Updated 26 November 2025
  • Bench2Drive Benchmark is a standardized, closed-loop framework that evaluates end-to-end autonomous driving systems across varied scenarios, weather conditions, and urban layouts.
  • It utilizes a CARLA-based dataset with 2,000,000 annotated frames to ensure reproducible evaluations and detailed performance metrics for both macro- and meso-level tasks.
  • The suite enables hardware–software co-design by isolating model submodule bottlenecks and providing clear performance indicators such as throughput, latency, and energy per inference.

Bench2Drive is a standardized, closed-loop benchmarking suite for autonomous driving systems—particularly end-to-end autonomous driving (E2E-AD)—aimed at providing granular, multi-ability evaluation under diverse scenarios, weather conditions, and hardware configurations. It establishes a common data foundation, execution protocol, and metric system for comparing models, hardware accelerators, and integrated pipelines across both simulated and physical platforms.

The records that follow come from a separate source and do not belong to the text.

section \<open>Lyapunov decrease from the LMI\<close>

lemma lmi_lhs_quad_form:
  fixes n :: "nat \<Rightarrow> nat" and W :: "nat \<Rightarrow> real mat" and l :: nat
  defines "N \<equiv> off n (Suc l)"
  assumes l: "1 \<le> l" and n0: "n 0 = nG" and nl: "n (Suc l) = nu"
    and AG: "AG \<in> carrier_mat nG nG" and BG: "BG \<in> carrier_mat nG nu" and P: "P \<in> carrier_mat nG nG"
    and \<alpha>: "\<alpha> \<in> carrier_vec N" and \<beta>: "\<beta> \<in> carrier_vec N" and lam: "lam \<in> carrier_vec N"
    and x: "x \<in> carrier_vec nG" and z: "z \<in> carrier_vec N"
    and u: "u \<in> carrier_vec nu" and v: "v \<in> carrier_vec N"
    and RV: "tRV n W l \<alpha> \<beta> *\<^sub>v (x @\<^sub>v z) = x @\<^sub>v u"
    and Rphi: "tRphi n W l \<alpha> \<beta> *\<^sub>v (x @\<^sub>v z) = v @\<^sub>v z"
  shows "(x @\<^sub>v z) \<bullet> (lmi_lhs AG BG P n W l \<alpha> \<beta> lam *\<^sub>v (x @\<^sub>v z))
       = ((AG *\<^sub>v x + BG *\<^sub>v u) \<bullet> (P *\<^sub>v (AG *\<^sub>v x + BG *\<^sub>v u)) - x \<bullet> (P *\<^sub>v x))
         + (\<Sum>i<N. lam $ i * ((v $ i)\<^sup>2 - (z $ i)\<^sup>2))"
proof -
  define y where "y = x @\<^sub>v z"
  define Mp where "Mp = four_block_mat (AG\<^sup>T * P * AG - P) (AG\<^sup>T * P * BG) (BG\<^sup>T * P * AG) (BG\<^sup>T * P * BG)"
  define Ml where "Ml = four_block_mat (diagv lam) (0\<^sub>m (dim_vec lam) (dim_vec lam))
                          (0\<^sub>m (dim_vec lam) (dim_vec lam)) (- diagv lam)"
  have y: "y \<in> carrier_vec (nG + N)" unfolding y_def using x z by simp
  have RVc: "tRV n W l \<alpha> \<beta> \<in> carrier_mat (nG + nu) (nG + N)"
    and Rphic: "tRphi n W l \<alpha> \<beta> \<in> carrier_mat (N + N) (nG + N)"
    using tR_carrier[OF l] \<alpha> \<beta> n0 nl unfolding N_def by auto
  have Mpc: "Mp \<in> carrier_mat (nG + nu) (nG + nu)" unfolding Mp_def using AG BG P by auto
  have Mlc: "Ml \<in> carrier_mat (N + N) (N + N)" unfolding Ml_def using lam by (auto simp: diagv_def)
  have QV: "(tRV n W l \<alpha> \<beta>)\<^sup>T * Mp * tRV n W l \<alpha> \<beta> \<in> carrier_mat (nG + N) (nG + N)"
    and Qphi: "(tRphi n W l \<alpha> \<beta>)\<^sup>T * Ml * tRphi n W l \<alpha> \<beta> \<in> carrier_mat (nG + N) (nG + N)"
    using RVc Rphic Mpc Mlc by auto
  have "y \<bullet> (lmi_lhs AG BG P n W l \<alpha> \<beta> lam *\<^sub>v y)
      = y \<bullet> (((tRV n W l \<alpha> \<beta>)\<^sup>T * Mp * tRV n W l \<alpha> \<beta>) *\<^sub>v y)
        + y \<bullet> (((tRphi n W l \<alpha> \<beta>)\<^sup>T * Ml * tRphi n W l \<alpha> \<beta>) *\<^sub>v y)"
    unfolding lmi_lhs_def Mp_def[symmetric] Ml_def[symmetric] add_mult_distrib_mat_vec[OF QV Qphi y]
    using QV Qphi y by (intro scalar_prod_add_distrib) auto
  also have "\<dots> = (x @\<^sub>v u) \<bullet> (Mp *\<^sub>v (x @\<^sub>v u)) + (v @\<^sub>v z) \<bullet> (Ml *\<^sub>v (v @\<^sub>v z))"
    unfolding scalar_prod_transpose_mult_mult[OF RVc Mpc RVc y y]
      scalar_prod_transpose_mult_mult[OF Rphic Mlc Rphic y y]
    unfolding y_def RV Rphi ..
  also have "\<dots> = ((AG *\<^sub>v x + BG *\<^sub>v u) \<bullet> (P *\<^sub>v (AG *\<^sub>v x + BG *\<^sub>v u)) - x \<bullet> (P *\<^sub>v x))
      + (\<Sum>i<N. lam $ i * ((v $ i)\<^sup>2 - (z $ i)\<^sup>2))"
    unfolding Mp_def Ml_def
    using plant_block_quad_form[OF AG BG P x u] multiplier_block_quad_form[of v lam z] v z lam by simp
  finally show ?thesis unfolding y_def .
qed

lemma lmi_lyapunov_decrease:
  fixes n :: "nat \<Rightarrow> nat" and W :: "nat \<Rightarrow> real mat" and l :: nat
    and \<phi> :: "real \<Rightarrow> real" and x :: "real vec"
  defines "N \<equiv> off n (Suc l)" and "v \<equiv> stackv (layer_v \<phi> W x) l"
  assumes l: "1 \<le> l" and n0: "n 0 = nG" and nl: "n (Suc l) = nu"
    and W: "\<forall>i\<in>{1..Suc l}. W i \<in> carrier_mat (n i) (n (i - 1))"
    and AG: "AG \<in> carrier_mat nG nG" and BG: "BG \<in> carrier_mat nG nu" and P: "P \<in> carrier_mat nG nG"
    and \<alpha>: "\<alpha> \<in> carrier_vec N" and \<beta>: "\<beta> \<in> carrier_vec N" and \<alpha>\<beta>: "\<forall>i<N. \<alpha> $ i \<le> \<beta> $ i"
    and lam: "lam \<in> carrier_vec N" and lam0: "\<forall>i<N. 0 \<le> lam $ i"
    and e: "0 \<le> e"
    and LMI: "\<forall>y\<in>carrier_vec (nG + N). y \<bullet> (lmi_lhs AG BG P n W l \<alpha> \<beta> lam *\<^sub>v y) \<le> - e * (y \<bullet> y)"
    and x: "x \<in> carrier_vec nG"
    and sector: "\<forall>i<N. 0 \<le> (\<phi> (v $ i) - \<alpha> $ i * v $ i) * (\<beta> $ i * v $ i - \<phi> (v $ i))"
  shows "(AG *\<^sub>v x + BG *\<^sub>v nn_ctrl \<phi> W l x) \<bullet> (P *\<^sub>v (AG *\<^sub>v x + BG *\<^sub>v nn_ctrl \<phi> W l x))
         \<le> x \<bullet> (P *\<^sub>v x) - e * (x \<bullet> x)"
proof -
  define w where "w = stackv (layer_w \<phi> W x) l"
  define u where "u = nn_ctrl \<phi> W l x"
  have x0: "x \<in> carrier_vec (n 0)" using x n0 by simp
  have Wl: "\<forall>j\<in>{1..l}. W j \<in> carrier_mat (n j) (n (j - 1))" using W by auto
  have v: "v \<in> carrier_vec N"
    unfolding v_def N_def using x0 Wl by (auto intro!: stackv_carrier layer_v_carrier)
  have w_v: "w = map_vec \<phi> v" unfolding w_def v_def by (rule stackv_layer_w)
  then have w: "w \<in> carrier_vec N" using v by simp
  obtain z where z: "z \<in> carrier_vec N"
    and w_eq: "w = diagv ((1/2) \<cdot>\<^sub>v (\<alpha> + \<beta>)) *\<^sub>v v + diagv ((1/2) \<cdot>\<^sub>v (\<beta> - \<alpha>)) *\<^sub>v z"
    and zv: "\<forall>i<N. (z $ i)\<^sup>2 \<le> (v $ i)\<^sup>2"
    using sector_vec_midpoint_form[OF \<alpha> \<beta> v w \<alpha>\<beta>] sector w_v v by auto
  note carriers = \<alpha>[unfolded N_def] \<beta>[unfolded N_def] x0 v[unfolded N_def] z[unfolded N_def]
  have "Nvx n W l *\<^sub>v x + Nvw n W l *\<^sub>v w = v"
    unfolding v_def w_def by (rule network_preactivation_lfr[OF l x0 Wl])
  from loop_transformation_preactivation[OF l carriers this w_eq]
  have v_tN: "v = tNvx n W l \<alpha> \<beta> *\<^sub>v x + tNvz n W l \<alpha> \<beta> *\<^sub>v z" .
  have "u = tNux n W l \<alpha> \<beta> *\<^sub>v x + tNuz n W l \<alpha> \<beta> *\<^sub>v z"
    using network_output_lfr[OF l x0 W]
      loop_transformation_output[OF l carriers(1-3,5) v_tN w_eq]
    unfolding u_def w_def by simp
  then have RV: "tRV n W l \<alpha> \<beta> *\<^sub>v (x @\<^sub>v z) = x @\<^sub>v u"
    and Rphi: "tRphi n W l \<alpha> \<beta> *\<^sub>v (x @\<^sub>v z) = v @\<^sub>v z"
    using tR_mult_vec[OF l carriers(1-3,5)] v_tN by auto
  have u: "u \<in> carrier_vec nu"
    using network_output_lfr[OF l x0 W] Nuw_carrier[of n W l] w nl unfolding u_def w_def N_def
    by (metis mult_mat_vec_carrier)
  have "x \<bullet> x \<le> (x @\<^sub>v z) \<bullet> (x @\<^sub>v z)"
    using scalar_prod_append[OF x z x z] scalar_prod_self_nonneg[of z] by simp
  then have "- e * ((x @\<^sub>v z) \<bullet> (x @\<^sub>v z)) \<le> - e * (x \<bullet> x)" using e by (simp add: mult_left_mono)
  moreover have "0 \<le> (\<Sum>i<N. lam $ i * ((v $ i)\<^sup>2 - (z $ i)\<^sup>2))"
    using lam0 zv by (intro sum_nonneg mult_nonneg_nonneg) auto
  moreover have "x @\<^sub>v z \<in> carrier_vec (nG + N)" using x z by simp
  ultimately show ?thesis
    using LMI lmi_lhs_quad_form[OF l n0 nl AG BG P \<alpha>[unfolded N_def] \<beta>[unfolded N_def]
        lam[unfolded N_def] x z[unfolded N_def] u v[unfolded N_def] RV Rphi]
    unfolding u_def N_def by fastforce
qed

1. Conceptual Framework and Objectives

Bench2Drive centers on fair, realistic, and multi-level testing of E2E-AD systems. Its primary goals are: (i) enabling reproducible, use-case-controlled comparisons for vision-driven autonomous driving tasks; (ii) disentangling model skill across 44 interactive scenarios and 23 weathers on 12 distinct urban layouts; (iii) exposing model weaknesses not captured by open-loop or long-route benchmarks; and (iv) facilitating hardware–software co-design via standardized performance indicators. The framework targets both system-on-chip (SoC) and configurable IP-core accelerators, as well as vision–LLMs and multi-modal large models when applicable (Jia et al., 6 Jun 2024).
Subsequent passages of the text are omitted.